- Opening Delimiter -

lemma integrable_lam_dominated:
  fixes f G :: "fn \<Rightarrow> real"
  assumes "integrable lam G" "f \<in> borel_measurable lam" "\<And>w. w \<in> W \<Longrightarrow> \<bar>f w\<bar> \<le> G w"
  shows "integrable lam f"
proof (rule Bochner_Integration.integrable_bound[OF assms(1,2)])
  show "AE x in lam. norm (f x) \<le> norm (G x)"
  proof (rule AE_I2)
    fix x assume "x \<in> space lam"
    then show "norm (f x) \<le> norm (G x)" using assms(3)[of x] lam_space abs_ge_self[of "G x"] by simp
  qed
qed

lemma tail_int_dominated:
  assumes t: "t \<in> {0..T}" and y: "0 \<le> y" and h: "h \<in> borel_measurable lam" and G: "integrable lam G"
    and b: "\<And>w. w \<in> W \<Longrightarrow> \<bar>h w\<bar> \<le> G w"
  shows "integrable (mu t) (\<lambda>p. indicator (W \<times> {y..<1}) p * h (fst p))" "\<bar>tail_int t y h\<bar> \<le> (\<integral>w. G w \<partial>lam)"
proof -
  have m: "(\<lambda>p. indicator (W \<times> {y..<1}) p * h (fst p)) \<in> borel_measurable (lam \<Otimes>\<^sub>M I01)"
    using measurable_indicator_strip[OF y order_refl sets_W] measurable_comp_fst[OF h] by (rule borel_measurable_times)
  have bb: "\<bar>indicator (W \<times> {y..<1}) (w, z) * h (fst (w, z))\<bar> \<le> G w" if "w \<in> W" for w z
    using b[OF that] by (auto simp: indicator_def)
  show "integrable (mu t) (\<lambda>p. indicator (W \<times> {y..<1}) p * h (fst p))"
    by (rule mu_dominated(1)[OF t m G bb])
  show "\<bar>tail_int t y h\<bar> \<le> (\<integral>w. G w \<partial>lam)" unfolding tail_int_indicator
    by (rule mu_dominated(2)[OF t m G bb])
qed

lemma tail_int_bounded:
  assumes t: "t \<in> {0..T}" and y: "0 \<le> y" and h: "h \<in> borel_measurable lam"
    and b: "\<And>w. w \<in> W \<Longrightarrow> \<bar>h w\<bar> \<le> M"
  shows "integrable (mu t) (\<lambda>p. indicator (W \<times> {y..<1}) p * h (fst p))" "\<bar>tail_int t y h\<bar> \<le> M"
proof -
  interpret L: prob_space lam by (rule lam_prob)
  have G: "integrable lam (\<lambda>w. M)" by simp
  show "integrable (mu t) (\<lambda>p. indicator (W \<times> {y..<1}) p * h (fst p))" by (rule tail_int_dominated(1)[OF t y h G b])
  show "\<bar>tail_int t y h\<bar> \<le> M" using tail_int_dominated(2)[OF t y h G b] prob_space.prob_space[OF lam_prob] by simp
qed

lemma tail_int_add:
  assumes "integrable (mu t) (\<lambda>p. indicator (W \<times> {y..<1}) p * h (fst p))"
    "integrable (mu t) (\<lambda>p. indicator (W \<times> {y..<1}) p * g (fst p))"
  shows "tail_int t y (\<lambda>w. h w + g w) = tail_int t y h + tail_int t y g"
    "tail_int t y (\<lambda>w. h w - g w) = tail_int t y h - tail_int t y g"
  unfolding tail_int_indicator using assms by (simp_all add: distrib_left right_diff_distrib)

lemma tail_int_cmult: "tail_int t y (\<lambda>w. c * h w) = c * tail_int t y h"
  unfolding tail_int_indicator by (simp add: mult.left_commute)

lemma tail_int_cong:
  assumes "s \<in> {0..T}" "\<And>w. w \<in> W \<Longrightarrow> g w = h w"
  shows "tail_int s y g = tail_int s y h"
  unfolding tail_int_indicator using assms space_mu[OF assms(1)]
  by (intro Bochner_Integration.integral_cong[OF refl]) (auto simp: indicator_def)

lemma tail_int_indicator_eq_measure:
  assumes s: "s \<in> {0..T}" and B: "B \<in> sets lam" and z: "0 \<le> z"
  shows "tail_int s z (indicator B) = measure (mu s) (B \<times> {z..<1})"
proof -
  interpret Ms: prob_space "mu s" using mu_prob s by simp
  have "B \<subseteq> W" using sets.sets_into_space[OF B] lam_space by simp
  then have "tail_int s z (indicator B) = (\<integral>p. indicator (B \<times> {z..<1}) p \<partial>mu s)"
    unfolding tail_int_indicator by (intro Bochner_Integration.integral_cong[OF refl]) (auto simp: indicator_def)
  then show ?thesis using sets_mu_interval(1)[OF s B z, of 1] by simp
qed

lemma tail_int_strip:
  assumes s: "s \<in> {0..T}" and yx: "0 \<le> y" "y \<le> x" "x \<le> 1" and h: "h \<in> borel_measurable lam"
    and hb: "\<And>w. w \<in> W \<Longrightarrow> \<bar>h w\<bar> \<le> K"
  shows "(\<integral>p\<in>W \<times> {y..<x}. h (fst p) \<partial>mu s) = tail_int s y h - tail_int s x h"
proof -
  have i1: "integrable (mu s) (\<lambda>p. indicator (W \<times> {y..<1}) p * h (fst p))"
    by (rule tail_int_bounded(1)[OF s yx(1) h hb])
  have i2: "integrable (mu s) (\<lambda>p. indicator (W \<times> {x..<1}) p * h (fst p))"
    by (rule tail_int_bounded(1)[OF s _ h hb]) (use yx in auto)
  have "(\<integral>p\<in>W \<times> {y..<x}. h (fst p) \<partial>mu s)
      = (\<integral>p. indicator (W \<times> {y..<1}) p * h (fst p) - indicator (W \<times> {x..<1}) p * h (fst p) \<partial>mu s)"
    unfolding set_lebesgue_integral_def
    by (rule Bochner_Integration.integral_cong[OF refl]) (use yx in \<open>auto simp: indicator_def\<close>)
  also have "\<dots> = tail_int s y h - tail_int s x h" using i1 i2 by (simp add: tail_int_indicator)
  finally show ?thesis .
qed
lemma (in lower_semilattice) le_of_distinct_covered_lower_bounds:
  assumes carrier: "a \<in> carrier L" "b \<in> carrier L" "c \<in> carrier L" "d \<in> carrier L"
    and "c \<noteq> d" "c \<sqsubseteq> a" "d \<sqsubseteq> a" "c \<sqsubseteq> b" "d \<sqsubseteq> b"
    and cover_c: "\<And>x. x \<in> carrier L \<Longrightarrow> c \<sqsubseteq> x \<Longrightarrow> x \<sqsubseteq> a \<Longrightarrow> x = c \<or> x = a"
    and cover_d: "\<And>x. x \<in> carrier L \<Longrightarrow> d \<sqsubseteq> x \<Longrightarrow> x \<sqsubseteq> a \<Longrightarrow> x = d \<or> x = a"
  shows "a \<sqsubseteq> b"
proof -
  let ?g = "a \<sqinter> b"
  have g: "?g \<in> carrier L" "?g \<sqsubseteq> a" "?g \<sqsubseteq> b"
    using carrier by (simp_all add: meet_left meet_right)
  have "c \<sqsubseteq> ?g" "d \<sqsubseteq> ?g"
    using assms by (simp_all add: meet_le)
  then have "?g = a"
    using cover_c[OF g(1)] cover_d[OF g(1)] g(2) \<open>c \<noteq> d\<close> by metis
  with g(3) show ?thesis by simp
qed

lemma crystal_poset_not_lattice_of_witnesses:
  assumes "a \<in> tabB \<nu> N" "b \<in> tabB \<nu> N" "c \<in> tabB \<nu> N" "d \<in> tabB \<nu> N"
    and "c \<noteq> d"
    and "crystal_le \<nu> N c a" "crystal_le \<nu> N d a" "crystal_le \<nu> N c b" "crystal_le \<nu> N d b"
    and sums: "entry_sum a = Suc (entry_sum c)" "entry_sum a = Suc (entry_sum d)"
      "entry_sum b = Suc (entry_sum a)"
    and no_step: "\<And>i. crystal_F i a \<noteq> Some b"
  shows "\<not> lattice (crystal_poset \<nu> N)"
proof
  assume "lattice (crystal_poset \<nu> N)"
  then interpret lower_semilattice "crystal_poset \<nu> N"
    by (simp add: lattice_def)
  have "crystal_le \<nu> N a b"
    using le_of_distinct_covered_lower_bounds[of a b c d] assms crystal_le_covered
    by (simp add: crystal_poset_def)
  then show False
    using crystal_le_cover_step sums(3) no_step by blast
qed

lemma ssyt_append:
  assumes "ssyt N \<mu> T" "ssyt N \<nu> R" "T \<noteq> []"
    and columns: "\<And>c. R \<noteq> [] \<Longrightarrow> c < length (hd R) \<Longrightarrow> last T ! c < hd R ! c"
  shows "ssyt N (\<mu> @ \<nu>) (T @ R)"
  unfolding ssyt_def
proof (intro conjI allI impI)
  show "map length (T @ R) = \<mu> @ \<nu>" and "\<forall>row\<in>set (T @ R). \<forall>x\<in>set row. 1 \<le> x \<and> x \<le> N + 1"
    using assms(1,2) by (auto simp: ssyt_def)
  show "sorted ((T @ R) ! r)" if "r < length (T @ R)" for r
    using assms(1,2) that by (auto simp: ssyt_def nth_append)
  fix r c
  assume rc: "Suc r < length (T @ R) \<and> c < length ((T @ R) ! Suc r)"
  consider "Suc r < length T" | "Suc r = length T" | "length T \<le> r" by linarith
  then show "(T @ R) ! r ! c < (T @ R) ! Suc r ! c"
  proof cases
    case 1
    then show ?thesis using assms(1) rc by (simp add: ssyt_def nth_append)
  next
    case 2
    then have "R \<noteq> []" "(T @ R) ! r = last T" "(T @ R) ! Suc r = hd R"
      using rc assms(3) by (auto simp: nth_append last_conv_nth hd_conv_nth simp flip: 2)
    then show ?thesis using columns rc by simp
  next
    case 3
    then have "Suc (r - length T) < length R" "c < length (R ! Suc (r - length T))"
      using rc by (auto simp: nth_append Suc_diff_le)
    then have "R ! (r - length T) ! c < R ! Suc (r - length T) ! c"
      using assms(2) by (simp add: ssyt_def)
    with 3 show ?thesis by (simp add: nth_append Suc_diff_le)
  qed
qed

lemma ssyt_single_row:
  "sorted row \<Longrightarrow> \<forall>v\<in>set row. 1 \<le> v \<and> v \<le> N + 1 \<Longrightarrow> ssyt N [length row] [row]"
  by (simp add: ssyt_def)

lemma partition_nth_mono:
  "is_partition lam \<Longrightarrow> r \<le> s \<Longrightarrow> s < length lam \<Longrightarrow> lam ! s \<le> lam ! r"
  unfolding is_partition_def by (metis order.order_iff_strict sorted_wrt_nth_less)

definition head_rows :: "nat \<Rightarrow> nat \<Rightarrow> nat \<Rightarrow> nat \<Rightarrow> nat \<Rightarrow> nat list list" where
  "head_rows m k x y z = [replicate m 1 @ [x], replicate k 2 @ [y, z]]"

lemma ssyt_head_rows:
  assumes "k < m" "1 \<le> x" "x < z" "2 \<le> y" "y \<le> z" "z \<le> N + 1"
  shows "ssyt N [Suc m, k + 2] (head_rows m k x y z)"
proof -
  have "ssyt N ([length (replicate m 1 @ [x])] @ [length (replicate k 2 @ [y, z])])
    ([replicate m 1 @ [x]] @ [replicate k 2 @ [y, z]])"
  proof (rule ssyt_append)
    show "ssyt N [length (replicate m 1 @ [x])] [replicate m 1 @ [x]]"
      "ssyt N [length (replicate k 2 @ [y, z])] [replicate k 2 @ [y, z]]"
      using assms by (intro ssyt_single_row; auto simp: sorted_append)+
    fix c
    assume "c < length (hd [replicate k 2 @ [y, z]])"
    then have "c < k \<or> c = k \<or> c = Suc k" by auto
    then show "last [replicate m 1 @ [x]] ! c < hd [replicate k 2 @ [y, z]] ! c"
      using assms by (auto simp: nth_append)
  qed simp
  then show ?thesis by (simp add: head_rows_def)
qed
(* Let $\mathcal{M}$ be an episodic MDP with deterministic expert $\pi^{\operatorname{E}}$ and let $\mathcal{D}_1$ be a finite set of trajectories. For every $\pi\in\Pi_{\mathrm{BC}}(\mathcal{D}_1)$, every $h\in[H]$ and every $(s,a)\in\mathcal{S}\times\mathcal{A}$, $$\sum_{\operatorname{tr}_h\in\mathbf{Tr}_h^{\mathcal{D}_1}}\mathbb{P}^{\pi^{\operatorname{E}}}(\operatorname{tr}_h)\mathbb{I}\{\operatorname{tr}_h(\cdot,\cdot)=(s,a)\}=\sum_{\operatorname{tr}_h\in\mathbf{Tr}_h^{\mathcal{D}_1}}\mathbb{P}^{\pi}(\operatorname{tr}_h)\mathbb{I}\{\operatorname{tr}_h(\cdot,\cdot)=(s,a)\}.$$
   Context: Episodic MDP $(\mathcal{S},\mathcal{A},P,r,H,\rho)$, finite spaces. For a policy $\pi$ and truncated trajectory $\operatorname{tr}_h=(s_1,a_1,\dots,s_h,a_h)$, $\mathbb{P}^\pi(\operatorname{tr}_h)=\rho(s_1)\pi_1(a_1|s_1)\prod_{\ell=1}^{h-1}P_\ell(s_{\ell+1}|s_\ell,a_\ell)\pi_{\ell+1}(a_{\ell+1}|s_{\ell+1})$; $\operatorname{tr}_h(\cdot,\cdot)=(s_h,a_h)$. $\mathcal{S}_\ell(\mathcal{D}_1)$ is the set of states appearing at step $\ell$ in $\mathcal{D}_1$, $\mathbf{Tr}_h^{\mathcal{D}_1}=\{(s_1,a_1,\dots,s_h,a_h):s_\ell\in\mathcal{S}_\ell(\mathcal{D}_1)\ \forall\ell\le h\}$. $\Pi_{\mathrm{BC}}(\mathcal{D}_1)$ is the set of policies taking the expert action on states in $\mathcal{D}_1$, i.e. $\pi_h(\pi^{\operatorname{E}}_h(s)|s)=1$ for all $h$ and $s\in\mathcal{S}_h(\mathcal{D}_1)$. *)

theory Defs
  imports Complex_Main
begin

text \<open>Time steps are 1-based: 1, ..., H. A (truncated) trajectory
 (s_1,a_1,...,s_h,a_h) is a list of pairs of length h whose entry at list
 index l-1 is (s_l, a_l). A (Markov, possibly stochastic) policy is
 pol :: nat => 'S => 'A => real with pol h s a = pi_h(a|s).
 Transitions: P l s a s' = P_l(s'|s,a); initial distribution rho.\<close>

definition is_dist :: "('a::finite \<Rightarrow> real) \<Rightarrow> bool" where
  "is_dist p \<longleftrightarrow> (\<forall>x. p x \<ge> 0) \<and> (\<Sum>x\<in>UNIV. p x) = 1"

definition is_policy :: "nat \<Rightarrow> (nat \<Rightarrow> 'S::finite \<Rightarrow> 'A::finite \<Rightarrow> real) \<Rightarrow> bool" where
  "is_policy H pol \<longleftrightarrow> (\<forall>h\<in>{1..H}. \<forall>s. is_dist (pol h s))"

definition det_policy :: "(nat \<Rightarrow> 'S \<Rightarrow> 'A) \<Rightarrow> nat \<Rightarrow> 'S \<Rightarrow> 'A \<Rightarrow> real" where
  "det_policy piE h s a = (if a = piE h s then 1 else 0)"

definition traj_prob ::
  "('S \<Rightarrow> real) \<Rightarrow> (nat \<Rightarrow> 'S \<Rightarrow> 'A \<Rightarrow> 'S \<Rightarrow> real) \<Rightarrow> (nat \<Rightarrow> 'S \<Rightarrow> 'A \<Rightarrow> real)
   \<Rightarrow> ('S \<times> 'A) list \<Rightarrow> real" where
  "traj_prob rho P pol tr =
     rho (fst (tr ! 0)) * pol 1 (fst (tr ! 0)) (snd (tr ! 0)) *
     (\<Prod>l\<in>{1..<length tr}.
        P l (fst (tr ! (l - 1))) (snd (tr ! (l - 1))) (fst (tr ! l)) *
        pol (l + 1) (fst (tr ! l)) (snd (tr ! l)))"

definition states_at :: "('S \<times> 'A) list set \<Rightarrow> nat \<Rightarrow> 'S set" where
  "states_at D1 l = {fst (tr ! (l - 1)) | tr. tr \<in> D1}"

definition Tr_D :: "('S \<times> 'A) list set \<Rightarrow> nat \<Rightarrow> ('S \<times> 'A) list set" where
  "Tr_D D1 h = {tr. length tr = h \<and> (\<forall>l\<in>{1..h}. fst (tr ! (l - 1)) \<in> states_at D1 l)}"

definition Pi_BC :: "nat \<Rightarrow> (nat \<Rightarrow> 'S \<Rightarrow> 'A) \<Rightarrow> ('S \<times> 'A) list set
    \<Rightarrow> (nat \<Rightarrow> 'S::finite \<Rightarrow> 'A::finite \<Rightarrow> real) set" where
  "Pi_BC H piE D1 = {pol. is_policy H pol \<and>
      (\<forall>h\<in>{1..H}. \<forall>s\<in>states_at D1 h. pol h s (piE h s) = 1)}"

end

theory Submission
  imports Defs
begin

text \<open>The equality holds term by term. A policy in \<open>Pi_BC\<close> puts mass 1 on the expert action
  at every state of \<open>D1\<close>, so, being a distribution, it coincides there with the deterministic
  expert policy; and \<open>traj_prob\<close> only evaluates the policy at the states of the trajectory,
  which for a trajectory in \<open>Tr_D D1 h\<close> all lie in \<open>D1\<close>.\<close>

lemma is_dist_eq_indicator_if_eq_1:
  fixes p :: "'a::finite \<Rightarrow> real"
  assumes "is_dist p" "p x = 1"
  shows "p = (\<lambda>y. if y = x then 1 else 0)"
proof
  fix y
  have nonneg: "\<forall>z. p z \<ge> 0" and total: "(\<Sum>z\<in>UNIV. p z) = 1"
    using assms(1) by (auto simp: is_dist_def)
  have "(\<Sum>z\<in>UNIV. p z) = p x + (\<Sum>z\<in>UNIV - {x}. p z)"
    by (simp add: sum.remove)
  then have "(\<Sum>z\<in>UNIV - {x}. p z) = 0"
    using total assms(2) by simp
  then have "\<forall>z\<in>UNIV - {x}. p z = 0"
    using nonneg by (simp add: sum_nonneg_eq_0_iff)
  then show "p y = (if y = x then 1 else 0)"
    using assms(2) by auto
qed

lemma Pi_BC_eq_det_policy:
  assumes "pol \<in> Pi_BC H piE D1" "l \<in> {1..H}" "t \<in> states_at D1 l"
  shows "pol l t = det_policy piE l t"
proof -
  have "is_dist (pol l t)" and "pol l t (piE l t) = 1"
    using assms by (auto simp: Pi_BC_def is_policy_def)
  then have "pol l t = (\<lambda>b. if b = piE l t then 1 else 0)"
    by (rule is_dist_eq_indicator_if_eq_1)
  then show ?thesis
    by (simp add: det_policy_def fun_eq_iff)
qed

lemma traj_prob_cong_policy:
  assumes "tr \<noteq> []"
    and "\<And>l. l < length tr \<Longrightarrow> pol (Suc l) (fst (tr ! l)) = pol' (Suc l) (fst (tr ! l))"
  shows "traj_prob rho P pol tr = traj_prob rho P pol' tr"
  using assms unfolding traj_prob_def by (auto intro!: prod.cong)

lemma traj_prob_Pi_BC_eq_det_policy:
  assumes "pol \<in> Pi_BC H piE D1" "h \<in> {1..H}" "tr \<in> Tr_D D1 h"
  shows "traj_prob rho P pol tr = traj_prob rho P (det_policy piE) tr"
proof (rule traj_prob_cong_policy)
  show "tr \<noteq> []"
    using assms(2,3) by (auto simp: Tr_D_def)
next
  fix l assume "l < length tr"
  moreover have "length tr = h" and states: "\<forall>k\<in>{1..h}. fst (tr ! (k - 1)) \<in> states_at D1 k"
    using assms(3) by (auto simp: Tr_D_def)
  ultimately have "Suc l \<in> {1..H}" and "fst (tr ! l) \<in> states_at D1 (Suc l)"
    using assms(2) states[rule_format, of "Suc l"] by auto
  then show "pol (Suc l) (fst (tr ! l)) = det_policy piE (Suc l) (fst (tr ! l))"
    using Pi_BC_eq_det_policy[OF assms(1)] by blast
qed

theorem lemma6:
  fixes H :: nat
    and rho :: "'S::finite \<Rightarrow> real"
    and P :: "nat \<Rightarrow> 'S \<Rightarrow> 'A::finite \<Rightarrow> 'S \<Rightarrow> real"
    and piE :: "nat \<Rightarrow> 'S \<Rightarrow> 'A"
    and D1 :: "('S \<times> 'A) list set"
    and pol :: "nat \<Rightarrow> 'S \<Rightarrow> 'A \<Rightarrow> real"
    and h :: nat and s :: 'S and a :: 'A
  assumes rho_dist: "is_dist rho"
    and P_dist: "\<forall>l\<in>{1..<H}. \<forall>s a. is_dist (P l s a)"
    and D1_fin: "finite D1"
    and D1_len: "\<forall>tr\<in>D1. length tr = H"
    and pi_BC: "pol \<in> Pi_BC H piE D1"
    and h: "h \<in> {1..H}"
  shows "(\<Sum>tr\<in>Tr_D D1 h. traj_prob rho P (det_policy piE) tr *
            (if tr ! (h - 1) = (s, a) then 1 else 0))
       = (\<Sum>tr\<in>Tr_D D1 h. traj_prob rho P pol tr *
            (if tr ! (h - 1) = (s, a) then 1 else 0))"
  using traj_prob_Pi_BC_eq_det_policy[OF pi_BC h] by (auto intro: sum.cong)

end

- Closing Delimiter -

**WHAT THE TASK REQUIRES:** Every line above from the line with "H pol \<and>" to the line with "fix l assume", both included, must be reproduced exactly, and no other line may appear.

**TASK SOLUTION:**
  "Pi_BC H piE D1 = {pol. is_policy H pol \<and>
      (\<forall>h\<in>{1..H}. \<forall>s\<in>states_at D1 h. pol h s (piE h s) = 1)}"

end

theory Submission
  imports Defs
begin

text \<open>The equality holds term by term. A policy in \<open>Pi_BC\<close> puts mass 1 on the expert action
  at every state of \<open>D1\<close>, so, being a distribution, it coincides there with the deterministic
  expert policy; and \<open>traj_prob\<close> only evaluates the policy at the states of the trajectory,
  which for a trajectory in \<open>Tr_D D1 h\<close> all lie in \<open>D1\<close>.\<close>

lemma is_dist_eq_indicator_if_eq_1:
  fixes p :: "'a::finite \<Rightarrow> real"
  assumes "is_dist p" "p x = 1"
  shows "p = (\<lambda>y. if y = x then 1 else 0)"
proof
  fix y
  have nonneg: "\<forall>z. p z \<ge> 0" and total: "(\<Sum>z\<in>UNIV. p z) = 1"
    using assms(1) by (auto simp: is_dist_def)
  have "(\<Sum>z\<in>UNIV. p z) = p x + (\<Sum>z\<in>UNIV - {x}. p z)"
    by (simp add: sum.remove)
  then have "(\<Sum>z\<in>UNIV - {x}. p z) = 0"
    using total assms(2) by simp
  then have "\<forall>z\<in>UNIV - {x}. p z = 0"
    using nonneg by (simp add: sum_nonneg_eq_0_iff)
  then show "p y = (if y = x then 1 else 0)"
    using assms(2) by auto
qed

lemma Pi_BC_eq_det_policy:
  assumes "pol \<in> Pi_BC H piE D1" "l \<in> {1..H}" "t \<in> states_at D1 l"
  shows "pol l t = det_policy piE l t"
proof -
  have "is_dist (pol l t)" and "pol l t (piE l t) = 1"
    using assms by (auto simp: Pi_BC_def is_policy_def)
  then have "pol l t = (\<lambda>b. if b = piE l t then 1 else 0)"
    by (rule is_dist_eq_indicator_if_eq_1)
  then show ?thesis
    by (simp add: det_policy_def fun_eq_iff)
qed

lemma traj_prob_cong_policy:
  assumes "tr \<noteq> []"
    and "\<And>l. l < length tr \<Longrightarrow> pol (Suc l) (fst (tr ! l)) = pol' (Suc l) (fst (tr ! l))"
  shows "traj_prob rho P pol tr = traj_prob rho P pol' tr"
  using assms unfolding traj_prob_def by (auto intro!: prod.cong)

lemma traj_prob_Pi_BC_eq_det_policy:
  assumes "pol \<in> Pi_BC H piE D1" "h \<in> {1..H}" "tr \<in> Tr_D D1 h"
  shows "traj_prob rho P pol tr = traj_prob rho P (det_policy piE) tr"
proof (rule traj_prob_cong_policy)
  show "tr \<noteq> []"
    using assms(2,3) by (auto simp: Tr_D_def)
next
  fix l assume "l < length tr"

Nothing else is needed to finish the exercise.